This Knowledgebase article provides information about what to do if a server crashes during a switchover.
In the unlikely event that one server in a Neverfail pair fails during Switchover, the surviving server will always end up active. Depending on where the command to switchover originated, and the identity of the server that failed, the surviving server may show its system status as 'Replicating' or 'Not Replicating' in the System > Status & Control panel of the Neverfail Heartbeat Management Client.
The protected application will continue to run, UNLESS, the switchover was triggered by failure of the protected application AND the surviving server is the one where the application failure occurred.

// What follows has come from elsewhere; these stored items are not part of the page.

text \<open>The N-constraints of C4--C8 between two indices i and j.\<close>

definition gadget_link :: "'a \<Rightarrow> 'a \<Rightarrow> 'a \<Rightarrow> 'a \<Rightarrow> 'a \<Rightarrow> 'a \<Rightarrow> 'a \<Rightarrow> 'a \<Rightarrow> 'a \<Rightarrow> bool" where
  "gadget_link x x' y' xi yi zi xj yj zj \<longleftrightarrow>
     \<not> distinct [xi, yj, zi] \<and> \<not> distinct [xi, yj, zj]
   \<and> \<not> distinct [x, xi, xj] \<and> \<not> distinct [x', xi, xj]
   \<and> \<not> distinct [x, yi, yj] \<and> \<not> distinct [y', yi, yj]
   \<and> \<not> distinct [x', zi, zj] \<and> \<not> distinct [y', zi, zj]"

lemma gadget_values:
  assumes "distinct [x, x', y']" and "gadget x x' y' xi yi zi"
  shows "(xi, yi, zi) = (x, y', y') \<or> (xi, yi, zi) = (x', x, x')"
proof -
  have frame: "x \<noteq> x'" "x \<noteq> y'" "x' \<noteq> y'" using assms(1) by auto
  have yi: "yi = x \<or> yi = y'" and zi: "zi = x' \<or> zi = y'"
    using assms(2) frame unfolding gadget_def by auto
  from assms(2) frame have "xi = x \<or> xi = x'" unfolding gadget_def by auto
  then show ?thesis
  proof
    assume "xi = x"
    then show ?thesis using assms(2) frame yi zi unfolding gadget_def by auto
  next
    assume "xi = x'"
    then show ?thesis using assms(2) frame yi zi unfolding gadget_def by auto
  qed
qed

lemma gadget_within_collapsed_frame:
  fixes x x' y' xi yi zi :: nat
  assumes "{x, x', y', xi, yi, zi} \<subseteq> {0, 1, 2}" and "gadget x x' y' xi yi zi"
    and "\<not> distinct [x, x', y']" and "\<not> (x' = x \<and> y' = x)"
  shows "{xi, yi, zi} \<subseteq> {x, x', y'}"
proof -
  have exhaustive: "\<forall>x\<in>{0,1,2}. \<forall>x'\<in>{0,1,2}. \<forall>y'\<in>{0,1,2}. \<forall>xi\<in>{0,1,2}. \<forall>yi\<in>{0,1,2}. \<forall>zi\<in>{0::nat,1,2}.
      gadget x x' y' xi yi zi \<longrightarrow> \<not> distinct [x, x', y'] \<longrightarrow> \<not> (x' = x \<and> y' = x) \<longrightarrow>
      {xi, yi, zi} \<subseteq> {x, x', y'}"
    unfolding gadget_def by simp
  show ?thesis using exhaustive[rule_format, of x x' y' xi yi zi] assms by simp
qed

lemma gadgets_over_constant_frame_miss_a_value:
  fixes x xi yi zi xj yj zj :: nat
  assumes "{x, xi, yi, zi, xj, yj, zj} \<subseteq> {0, 1, 2}"
    and "gadget x x x xi yi zi" and "gadget x x x xj yj zj"
    and "gadget_link x x x xi yi zi xj yj zj" and "gadget_link x x x xj yj zj xi yi zi"
  shows "\<not> {0, 1, 2} \<subseteq> {x, xi, yi, zi, xj, yj, zj}"
proof -
  have exhaustive: "\<forall>x\<in>{0,1,2}. \<forall>xi\<in>{0,1,2}. \<forall>yi\<in>{0,1,2}. \<forall>zi\<in>{0,1,2}.
      \<forall>xj\<in>{0,1,2}. \<forall>yj\<in>{0,1,2}. \<forall>zj\<in>{0,1,2}.
      gadget x x x xi yi zi \<longrightarrow> gadget x x x xj yj zj \<longrightarrow>
      gadget_link x x x xi yi zi xj yj zj \<longrightarrow> gadget_link x x x xj yj zj xi yi zi \<longrightarrow>
      \<not> {0::nat, 1, 2} \<subseteq> {x, xi, yi, zi, xj, yj, zj}"
    unfolding gadget_def gadget_link_def by simp
  show ?thesis using exhaustive[rule_format, of x xi yi zi xj yj zj] assms by simp
qed

lemma solution_J_not_distinct:
  assumes "is_solution_J n I f" and "(p, q, r) \<in> Ncons_J n I"
  shows "\<not> distinct [f p, f q, f r]"
proof -
  have "\<forall>(a, b, c) \<in> Ncons_J n I. (f a, f b, f c) \<in> N_rel"
    using assms(1) unfolding is_solution_J_def by (elim conjE)
  from bspec[OF this assms(2)] show ?thesis by (simp add: N_rel_iff)
qed

lemma solution_J_eq:
  assumes "is_solution_J n I f" and "(p, q) \<in> Eqcons_J I"
  shows "f p = f q"
proof -
  have "\<forall>(a, b) \<in> Eqcons_J I. f a = f b"
    using assms(1) unfolding is_solution_J_def by (elim conjE)
  from bspec[OF this assms(2)] show ?thesis by simp
qed

lemma solution_J_gadget:
  assumes "is_solution_J n I f" and "i \<in> {1..n}"
  shows "gadget (f X) (f X') (f Y') (f (XV i)) (f (YV i)) (f (ZV i))"
  unfolding gadget_def
  by (intro conjI solution_J_not_distinct[OF assms(1)]) (use assms(2) in \<open>simp_all add: Ncons_J_def\<close>)

lemma solution_J_gadget_link:
  assumes "is_solution_J n I f" and "i \<in> {1..n}" and "j \<in> {1..n}"
  shows "gadget_link (f X) (f X') (f Y') (f (XV i)) (f (YV i)) (f (ZV i)) (f (XV j)) (f (YV j)) (f (ZV j))"
  unfolding gadget_link_def
  by (intro conjI solution_J_not_distinct[OF assms(1)]) (use assms(2,3) in \<open>simp_all add: Ncons_J_def\<close>)

lemma vars_J_cases:
  assumes "v \<in> vars_J n"
  obtains "v \<in> {X, X', Y'}" | i where "i \<in> {1..n}" "v \<in> {XV i, YV i, ZV i}"
  using assms unfolding vars_J_def by auto

lemma solution_J_range:
  assumes "is_solution_J n I f"
  shows "f ` vars_J n \<subseteq> {0, 1, 2}"
  using assms unfolding is_solution_J_def image_subset_iff by (elim conjE)

lemma solution_J_gadget_range:
  assumes "is_solution_J n I f" and "i \<in> {1..n}"
  shows "{f X, f X', f Y', f (XV i), f (YV i), f (ZV i)} \<subseteq> {0, 1, 2}"
proof -
  have "f ` {X, X', Y', XV i, YV i, ZV i} \<subseteq> f ` vars_J n"
    using assms(2) by (intro image_mono) (auto simp: vars_J_def)
  also have "\<dots> \<subseteq> {0, 1, 2}" using assms(1) by (rule solution_J_range)
  finally show ?thesis by simp
qed

lemma surjective_solution_J_value_in_gadget:
  assumes "surjective_solution_J n I f" and "w \<in> {0, 1, 2}" and "w \<notin> {f X, f X', f Y'}"
  obtains i where "i \<in> {1..n}" and "w \<in> {f (XV i), f (YV i), f (ZV i)}"
proof -
  have "w \<in> f ` vars_J n" using assms(1,2) unfolding surjective_solution_J_def by simp
  then obtain v where v: "v \<in> vars_J n" "f v = w" by blast
  from v(1) show ?thesis
  proof (cases rule: vars_J_cases)
    case 1
    with v(2) assms(3) show ?thesis by auto
  next
    case (2 i)
    with v(2) show ?thesis by (auto intro: that)
  qed
qed

lemma surjective_solution_J_frame_not_constant:
  assumes "surjective_solution_J n I f"
  shows "\<not> (f X' = f X \<and> f Y' = f X)"
proof
  assume "f X' = f X \<and> f Y' = f X"
  then have frame: "f X' = f X" "f Y' = f X" by simp_all
  have sol: "is_solution_J n I f" using assms by (simp add: surjective_solution_J_def)
  have "X \<in> vars_J n" by (simp add: vars_J_def)
  with solution_J_range[OF sol] have "f X \<in> {0, 1, 2}" by blast
  then have three_values: "{0, 1, 2} \<subseteq> {f X, (f X + 1) mod 3, (f X + 2) mod 3}"
    and others: "(f X + 1) mod 3 \<in> {0, 1, 2}" "(f X + 1) mod 3 \<notin> {f X, f X', f Y'}"
      "(f X + 2) mod 3 \<in> {0, 1, 2}" "(f X + 2) mod 3 \<notin> {f X, f X', f Y'}"
    using frame by auto
  obtain i where i: "i \<in> {1..n}" "(f X + 1) mod 3 \<in> {f (XV i), f (YV i), f (ZV i)}"
    using surjective_solution_J_value_in_gadget[OF assms others(1,2)] .
  obtain j where j: "j \<in> {1..n}" "(f X + 2) mod 3 \<in> {f (XV j), f (YV j), f (ZV j)}"
    using surjective_solution_J_value_in_gadget[OF assms others(3,4)] .
  have "{f X, (f X + 1) mod 3, (f X + 2) mod 3}
      \<subseteq> {f X, f (XV i), f (YV i), f (ZV i), f (XV j), f (YV j), f (ZV j)}"
    using i(2) j(2) by auto
  with three_values have covering:
    "{0, 1, 2} \<subseteq> {f X, f (XV i), f (YV i), f (ZV i), f (XV j), f (YV j), f (ZV j)}"
    by (rule subset_trans)
  have "\<not> {0, 1, 2} \<subseteq> {f X, f (XV i), f (YV i), f (ZV i), f (XV j), f (YV j), f (ZV j)}"
  proof (rule gadgets_over_constant_frame_miss_a_value)
    show "{f X, f (XV i), f (YV i), f (ZV i), f (XV j), f (YV j), f (ZV j)} \<subseteq> {0, 1, 2}"
      using solution_J_gadget_range[OF sol i(1)] solution_J_gadget_range[OF sol j(1)] by auto
  qed (use solution_J_gadget[OF sol] solution_J_gadget_link[OF sol] i(1) j(1) in \<open>simp_all add: frame\<close>)
  with covering show False by contradiction
qed

lemma surjective_solution_J_collapsed_frame_constant:
  assumes "surjective_solution_J n I f" and collapsed: "\<not> distinct [f X, f X', f Y']"
  shows "f X' = f X \<and> f Y' = f X"
proof (rule ccontr)
  assume not_constant: "\<not> (f X' = f X \<and> f Y' = f X)"
  have sol: "is_solution_J n I f" and onto: "f ` vars_J n = {0, 1, 2}"
    using assms(1) unfolding surjective_solution_J_def by auto
  have "f ` vars_J n \<subseteq> {f X, f X', f Y'}"
  proof (rule image_subsetI)
    fix v assume "v \<in> vars_J n"
    then show "f v \<in> {f X, f X', f Y'}"
    proof (cases rule: vars_J_cases)
      case (2 i)
      with gadget_within_collapsed_frame[OF solution_J_gadget_range[OF sol 2(1)]
          solution_J_gadget[OF sol 2(1)] collapsed not_constant]
      show ?thesis by auto
    qed auto
  qed
  then have "{0, 1, 2} \<subseteq> {f X, f X', f Y'}" by (simp only: onto)
  then have "distinct [f X, f X', f Y']" by (rule distinct_if_covers_three)
  with collapsed show False by simp
qed

lemma surjective_solution_J_frame_distinct:
  assumes "surjective_solution_J n I f"
  shows "distinct [f X, f X', f Y']"
  using surjective_solution_J_collapsed_frame_constant[OF assms]
    surjective_solution_J_frame_not_constant[OF assms] by blast

lemma decode_solution:
  assumes "wf_instance n I" and "surjective_solution_J n I f"
  shows "is_solution_I n I (\<lambda>i. if f (XV i) = f X then 1 else 0)" (is "is_solution_I n I ?u")
proof -
  have sol: "is_solution_J n I f" using assms(2) by (simp add: surjective_solution_J_def)
  have frame: "distinct [f X, f X', f Y']" using assms(2) by (rule surjective_solution_J_frame_distinct)
  have xv: "f (XV i) \<in> {f X, f X'}"
    and yv: "f (YV i) = (if f (XV i) = f X then f Y' else f X)" if "i \<in> {1..n}" for i
    using gadget_values[OF frame solution_J_gadget[OF sol that]] frame by auto
  have "sat_con ?u c" if "c \<in> I" for c
  proof -
    have indices: "con_vars c \<subseteq> {1..n}" using assms(1) that unfolding wf_instance_def by blast
    show ?thesis
    proof (cases c)
      case (EqOr0 i j k)
      then have "i \<in> {1..n}" "j \<in> {1..n}" "k \<in> {1..n}" using indices by simp_all
      note shapes = xv[OF this(1)] xv[OF this(2)] xv[OF this(3)] yv[OF this(1)] yv[OF this(2)] yv[OF this(3)]
      have "(XV i, XV j, YV k) \<in> Ncons_J n I" using that EqOr0 unfolding Ncons_J_def by blast
      from solution_J_not_distinct[OF sol this] show ?thesis
        using shapes frame EqOr0 by (auto split: if_splits)
    next
      case (EqOr1 i j k)
      then have "i \<in> {1..n}" "j \<in> {1..n}" "k \<in> {1..n}" using indices by simp_all
      note shapes = xv[OF this(1)] xv[OF this(2)] xv[OF this(3)] yv[OF this(1)] yv[OF this(2)] yv[OF this(3)]
      have "(YV i, YV j, XV k) \<in> Ncons_J n I" using that EqOr1 unfolding Ncons_J_def by blast
      from solution_J_not_distinct[OF sol this] show ?thesis
        using shapes frame EqOr1 by (auto split: if_splits)
    next
      case (Is1 i)
      have "(X, XV i) \<in> Eqcons_J I" using that Is1 unfolding Eqcons_J_def by blast
      from solution_J_eq[OF sol this] show ?thesis using Is1 by auto
    next
      case (Is0 i)
      have "(X, YV i) \<in> Eqcons_J I" using that Is0 unfolding Eqcons_J_def by blast
      from solution_J_eq[OF sol this] show ?thesis using yv[of i] indices frame Is0 by auto
    qed
  qed
  then show ?thesis unfolding is_solution_I_def by simp
qed

definition encode :: "(nat \<Rightarrow> nat) \<Rightarrow> var \<Rightarrow> nat" where
  "encode u v = (case v of X \<Rightarrow> 0 | X' \<Rightarrow> 1 | Y' \<Rightarrow> 2
     | XV i \<Rightarrow> if u i = 1 then 0 else 1
     | YV i \<Rightarrow> if u i = 1 then 2 else 0
     | ZV i \<Rightarrow> if u i = 1 then 2 else 1)"

lemma encode_surjective_solution:
  assumes "is_solution_I n I u"
  shows "surjective_solution_J n I (encode u)"
proof -
  have sat: "\<forall>c\<in>I. sat_con u c" using assms unfolding is_solution_I_def by blast
  have range: "encode u v \<in> {0, 1, 2}" for v
    unfolding encode_def by (simp split: var.split)
  have "\<not> distinct [encode u p, encode u q, encode u r]" if "(p, q, r) \<in> Ncons_J n I" for p q r
    using sat that unfolding Ncons_J_def by (auto simp: encode_def split: var.splits if_splits)
  then have N: "(encode u p, encode u q, encode u r) \<in> N_rel" if "(p, q, r) \<in> Ncons_J n I" for p q r
    using range that by (simp add: N_rel_iff)
  have Eq: "encode u p = encode u q" if "(p, q) \<in> Eqcons_J I" for p q
    using sat that unfolding Eqcons_J_def by (auto simp: encode_def)
  have "{0, 1, 2} = {encode u X, encode u X', encode u Y'}" by (simp add: encode_def)
  also have "\<dots> \<subseteq> encode u ` vars_J n" by (simp add: vars_J_def)
  finally have "encode u ` vars_J n = {0, 1, 2}"
    using image_subsetI[OF range] by (rule subset_antisym[rotated])
  with range N Eq show ?thesis
    unfolding surjective_solution_J_def is_solution_J_def by blast
qed

theorem lemma3p2:
  fixes n :: nat and I :: "con set"
  assumes "wf_instance n I"
  shows "(\<exists>u. is_solution_I n I u) \<longleftrightarrow> (\<exists>f. surjective_solution_J n I f)"
  using encode_surjective_solution decode_solution[OF assms] by blast

end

This is true for user-initiated switchovers, and for switchovers driven by a failure of a protected application.
Note: In the description which follows, the server that failed or crashed is referred to as the 'failed' server, while the server which continued to operate is referred to as the 'surviving' server, even if the protected application is not operable on that server.
- BEFORE attempting to reconnect the server pair, the reason for the crash should be determined and corrective action taken. Do not simply reboot the failed server and attempt to reconnect it. It is important to identify the cause of any failure first, and it is not recommended to reconnect the failed server before the surviving server has completed its transition to the 'active' role.

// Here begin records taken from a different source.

(* Under the CRFE, $(\hat{\boldsymbol{\tau}}'-\boldsymbol{\tau}',\hat{\boldsymbol{\theta}}_x')'$ has mean zero, and for $1\le h\le H$, $\mathrm{Cov}(\hat{\boldsymbol{\tau}}-\boldsymbol{\tau},\hat{\boldsymbol{\theta}}_x[h])=\boldsymbol{W}_{\tau x}[h]=2^{-2(K-1)}\sum_{q=1}^Qn_q^{-1}(\boldsymbol{b}_q\boldsymbol{c}_q[h]')\otimes\boldsymbol{S}_{q,x}$, $\mathrm{Cov}(\hat{\boldsymbol{\theta}}_x[h])=\boldsymbol{W}_{xx}[h]=2^{-2(K-1)}\sum_{q=1}^Qn_q^{-1}(\boldsymbol{c}_q[h]\boldsymbol{c}_q[h]')\otimes\boldsymbol{S}_{xx}$, and $\mathrm{Cov}(\hat{\boldsymbol{\theta}}_x[h],\hat{\boldsymbol{\theta}}_x[\tilde h])=\boldsymbol{0}$ for $h\ne\tilde h$.
   Context: Setup ($2^K$ factorial experiment, finite population). $K\ge1$ two-level factors, $Q=2^K$ treatment combinations $q=1,\dots,Q$; combination $q$ sets factor $k$ at $\iota_k(q)\in\{-1,+1\}$, bijectively onto $\{-1,+1\}^K$. $F=Q-1$ factorial effects, one per nonempty $A\subseteq\{1,\dots,K\}$, enumerated $f=1,\dots,F$, with $g_{fq}=\prod_{k\in A}\iota_k(q)$; $\boldsymbol{b}_q=(g_{1q},\dots,g_{Fq})'$. Units $i=1,\dots,n$ have fixed potential outcomes $Y_i(q)$ and covariates $\boldsymbol{x}_i\in\mathbb{R}^L$; $\bar Y(q),\bar{\boldsymbol{x}}$ means; $\boldsymbol{\tau}=2^{-(K-1)}\sum_q\boldsymbol{b}_q\bar Y(q)$. Finite-population (co)variances with divisor $n-1$: $\boldsymbol{S}_{xx}$ of $\boldsymbol{x}$; $\boldsymbol{S}_{q,x}$ between $Y(q)$ and $\boldsymbol{x}$. CRFE: fixed $n_q\ge1$, $\sum n_q=n$; $\boldsymbol{Z}$ uniform over assignments with $n_q$ units in combination $q$; $\hat{\bar Y}(q),\hat{\bar{\boldsymbol{x}}}(q)$ group-$q$ means of observed outcomes $Y_i(Z_i)$ and covariates; $\hat{\boldsymbol{\tau}}=2^{-(K-1)}\sum_q\boldsymbol{b}_q\hat{\bar Y}(q)$. Tiers: partition $\{1,\dots,F\}$ into disjoint nonempty $\mathcal{F}_1,\dots,\mathcal{F}_H$, $\mathcal{F}_{\overline h}=\bigcup_{l\le h}\mathcal{F}_l$. $\tilde{\boldsymbol{B}}=2^{-2(K-1)}\sum_qn_q^{-1}\boldsymbol{b}_q\boldsymbol{b}_q'$; $\boldsymbol{b}_q[\mathcal{I}]$ is the subvector with indices in $\mathcal{I}$ and $\tilde{\boldsymbol{B}}[\mathcal{I},\mathcal{J}]$ the submatrix. $\boldsymbol{c}_q[1]=\boldsymbol{b}_q[\mathcal{F}_1]$, and for $h\ge2$, $\boldsymbol{c}_q[h]=\boldsymbol{b}_q[\mathcal{F}_h]-\tilde{\boldsymbol{B}}[\mathcal{F}_h,\mathcal{F}_{\overline{h-1}}]\{\tilde{\boldsymbol{B}}[\mathcal{F}_{\overline{h-1}},\mathcal{F}_{\overline{h-1}}]\}^{-1}\boldsymbol{b}_q[\mathcal{F}_{\overline{h-1}}]$. $\hat{\boldsymbol{\theta}}_x[h]=2^{-(K-1)}\sum_q\boldsymbol{c}_q[h]\otimes\hat{\bar{\boldsymbol{x}}}(q)$ and $\hat{\boldsymbol{\theta}}_x=(\hat{\boldsymbol{\theta}}_x[1]',\dots,\hat{\boldsymbol{\theta}}_x[H]')'$. *)

theory Defs
  imports Complex_Main "Jordan_Normal_Form.Matrix" "Jordan_Normal_Form.DL_Submatrix"
          "Jordan_Normal_Form.Gauss_Jordan_Elimination"
begin

text \<open>Conventions (all indices start at 0):
  treatment combinations q < Q = 2^K; factors k < K; factorial effects f < F = Q - 1;
  units i < n; covariates l < L; tiers h < H (tier h here is tier h+1 of the paper).
  iota q k is the level of factor k in combination q; eff f is the (nonempty) factor
  set A of effect f.  Y i q = Y_i(q), x i l = l-th covariate of unit i, nq q = n_q.\<close>

definition gcoef :: "(nat \<Rightarrow> nat \<Rightarrow> real) \<Rightarrow> (nat \<Rightarrow> nat set) \<Rightarrow> nat \<Rightarrow> nat \<Rightarrow> real" where
  "gcoef iota eff f q = (\<Prod>k\<in>eff f. iota q k)"

definition bvec :: "nat \<Rightarrow> (nat \<Rightarrow> nat \<Rightarrow> real) \<Rightarrow> (nat \<Rightarrow> nat set) \<Rightarrow> nat \<Rightarrow> real vec" where
  "bvec K iota eff q = vec (2^K - 1) (\<lambda>f. gcoef iota eff f q)"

- When the failed server is *initially* rebooted, Neverfail Heartbeat will be in one of two states:
- The Neverfail Server R2 service is running
- The Neverfail Server R2 service is not running
If the Neverfail Server R2 service is running, and you log in to Windows locally on the failed server, you will see a warning message:
'Cannot start replication because previous run did not shutdown properly. Check configuration
Click OK to dismiss the warning message. This action will automatically stop the Neverfail Server R2 service.

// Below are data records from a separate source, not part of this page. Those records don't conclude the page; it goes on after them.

(* Let $p$ be an odd prime, $i\in\mathbb{N}_0$ and $\gamma\in\hat H_i$. Let $\tilde\gamma$ be the unique $\mathbb{Q}_p$-linear extension of $\gamma$ to $K\wedge_{\mathbb{Q}_p}K\to K$. Then for every $j\in\mathbb{N}_0$ with $j\equiv i\pmod{p-1}$, the restriction of $\tilde\gamma$ to $\mathfrak{p}^j\wedge\mathfrak{p}^j$ lies in $\hat H_j$.
   Context: Let $\theta$ be a primitive $p$-th root of unity, $K=\mathbb{Q}_p(\theta)$, $\mathcal{O}$ its ring of integers, $\mathfrak{p}$ its maximal ideal; $\mathfrak{p}^j$ is the unique ideal of index $p^j$ in $\mathcal{O}$. $P=\langle\theta\rangle$ acts by multiplication on ideals and diagonally on exterior squares $\mathfrak{p}^i\wedge\mathfrak{p}^i$ (over $\mathbb{Z}_p$); $\mathrm{Hom}_P$ denotes $P$-equivariant $\mathbb{Z}_p$-linear maps. $\hat{H}_i=\{\gamma\in\mathrm{Hom}_P(\mathfrak{p}^i\wedge\mathfrak{p}^i,\mathfrak{p}^{2i+1}) \mid \gamma \text{ surjective}\}$. *)

theory Defs
  imports "HOL-Number_Theory.Number_Theory"
begin

text \<open>
The p-adic integers Z_p are represented as compatible
sequences of residues (the inverse limit of Z/p^n):  a :: nat => int with
0 <= a n < p^n and a (Suc n) mod p^n = a n.
The ring of integers O = Z_p[theta] of K = Q_p(theta) is the free Z_p-module
with basis 1, theta, ..., theta^(p-2); an element is its coordinate function
c :: nat => zp (coordinates at indices >= p-1 are zero).
Multiplication by theta uses theta^(p-1) = -(1 + theta + ... + theta^(p-2)).
\<close>

type_synonym zp = "nat \<Rightarrow> int"
type_synonym cyc = "nat \<Rightarrow> zp"

definition Zp :: "nat \<Rightarrow> zp set" where
  "Zp p = {a. \<forall>n. 0 \<le> a n \<and> a n < int p ^ n \<and> a (Suc n) mod int p ^ n = a n}"

definition zadd :: "nat \<Rightarrow> zp \<Rightarrow> zp \<Rightarrow> zp" where
  "zadd p a b = (\<lambda>n. (a n + b n) mod int p ^ n)"

definition zmul :: "nat \<Rightarrow> zp \<Rightarrow> zp \<Rightarrow> zp" where
  "zmul p a b = (\<lambda>n. (a n * b n) mod int p ^ n)"

definition zneg :: "nat \<Rightarrow> zp \<Rightarrow> zp" where
  "zneg p a = (\<lambda>n. (- a n) mod int p ^ n)"

definition zzero :: zp where
  "zzero = (\<lambda>n. 0)"

definition zofint :: "nat \<Rightarrow> int \<Rightarrow> zp" where
  "zofint p m = (\<lambda>n. m mod int p ^ n)"

definition Ocar :: "nat \<Rightarrow> cyc set" where
  "Ocar p = {c. (\<forall>k < p - 1. c k \<in> Zp p) \<and> (\<forall>k \<ge> p - 1. c k = zzero)}"

definition Ozero :: cyc where
  "Ozero = (\<lambda>k. zzero)"

definition Oadd :: "nat \<Rightarrow> cyc \<Rightarrow> cyc \<Rightarrow> cyc" where
  "Oadd p c d = (\<lambda>k. zadd p (c k) (d k))"

definition Oneg :: "nat \<Rightarrow> cyc \<Rightarrow> cyc" where
  "Oneg p c = (\<lambda>k. zneg p (c k))"

definition Osmult :: "nat \<Rightarrow> zp \<Rightarrow> cyc \<Rightarrow> cyc" where
  "Osmult p s c = (\<lambda>k. zmul p s (c k))"

definition Otheta :: "nat \<Rightarrow> cyc \<Rightarrow> cyc" where
  "Otheta p c = (\<lambda>k. if k = 0 then zneg p (c (p - 2))
                     else if k < p - 1 then zadd p (c (k - 1)) (zneg p (c (p - 2)))
                     else zzero)"

text \<open>Multiplication by the uniformiser pi = theta - 1.\<close>
definition Opi :: "nat \<Rightarrow> cyc \<Rightarrow> cyc" where
  "Opi p c = Oadd p (Otheta p c) (Oneg p c)"

definition Pideal :: "nat \<Rightarrow> nat \<Rightarrow> cyc set" where
  "Pideal p j = (Opi p ^^ j) ` Ocar p"

definition Ospan :: "nat \<Rightarrow> cyc set \<Rightarrow> cyc set" where
  "Ospan p S = {c. \<exists>xs :: (zp \<times> cyc) list.
      set (map fst xs) \<subseteq> Zp p \<and> set (map snd xs) \<subseteq> S \<and>
      c = foldr (\<lambda>(s, x) acc. Oadd p (Osmult p s x) acc) xs Ozero}"

text \<open>
Hhat p i: P-equivariant Z_p-linear maps  p^i /\ p^i -> p^(2i+1) that are surjective,
represented via the universal property of the exterior square as alternating
Z_p-bilinear maps  beta : p^i x p^i -> p^(2i+1)  (only the values on p^i x p^i matter);
equivariance: beta (theta x) (theta y) = theta (beta x y);
surjectivity: the Z_p-span of the image is all of p^(2i+1).
\<close>
definition Hhat :: "nat \<Rightarrow> nat \<Rightarrow> (cyc \<Rightarrow> cyc \<Rightarrow> cyc) set" where
  "Hhat p i = {\<beta>.
     (\<forall>x\<in>Pideal p i. \<forall>y\<in>Pideal p i. \<beta> x y \<in> Pideal p (2 * i + 1)) \<and>
     (\<forall>x\<in>Pideal p i. \<forall>x'\<in>Pideal p i. \<forall>y\<in>Pideal p i.
        \<beta> (Oadd p x x') y = Oadd p (\<beta> x y) (\<beta> x' y) \<and>
        \<beta> y (Oadd p x x') = Oadd p (\<beta> y x) (\<beta> y x')) \<and>
     (\<forall>s\<in>Zp p. \<forall>x\<in>Pideal p i. \<forall>y\<in>Pideal p i.
        \<beta> (Osmult p s x) y = Osmult p s (\<beta> x y) \<and>
        \<beta> y (Osmult p s x) = Osmult p s (\<beta> y x)) \<and>
     (\<forall>x\<in>Pideal p i. \<beta> x x = Ozero) \<and>
     (\<forall>x\<in>Pideal p i. \<forall>y\<in>Pideal p i. \<beta> (Otheta p x) (Otheta p y) = Otheta p (\<beta> x y)) \<and>
     Ospan p ((\<lambda>(x, y). \<beta> x y) ` (Pideal p i \<times> Pideal p i)) = Pideal p (2 * i + 1)}"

If the Neverfail Server R2 service is running, and you log in to Windows remotely via Terminal Services (Remote Desktop in Windows 2003) on the failed server, you won't see the warning message, which is only displayed locally; so it is necessary to stop the Neverfail Server R2 service via the Windows Service Control Manager or using the 'net stop' command.
- Once you are sure the Neverfail Server R2 service is not running on the failed server, you should shut down Neverfail Heartbeat on the surviving server, leaving any protected applications running. This will prevent the build up of large on-disk update queues on the surviving server, while allowing continuity of service from the protected applications. To ensure any protected applications continue to run when Neverfail Heartbeat is shut down, connect a Neverfail Heartbeat Management Client to the server pair, and click on Shutdown on the 'Status & Control' panel, choosing the option 'Exit Neverfail Heartbeat without stopping Application'.
- If the protected application is not running after the failure occurs (for example, because the original switchover was triggered by an application failure), the reason for the application failure must be determined. Ensure Neverfail Heartbeat is shut down on the surviving server before attempting to diagnose the problem, and that the Neverfail Application Module Monitor service is stopped. It is safe to stop the Neverfail Application Module Monitor service manually for diagnostic purposes. Once the problem has been identified and corrected, continue with the recovery procedure.
- On the failed server, run the Configure Server wizard by right-clicking the Neverfail Heartbeat system tray icon and choosing 'Configure Server Wizard' from the menu. Run through the Wizard and set the server role to 'passive'. Click Finish to save the changes.
- Start Neverfail Heartbeat on the passive server by right-clicking the Neverfail Heartbeat system tray icon and choosing 'Start Neverfail Heartbeat'. Repeat on the active server. The server pair will connect and synchronize data.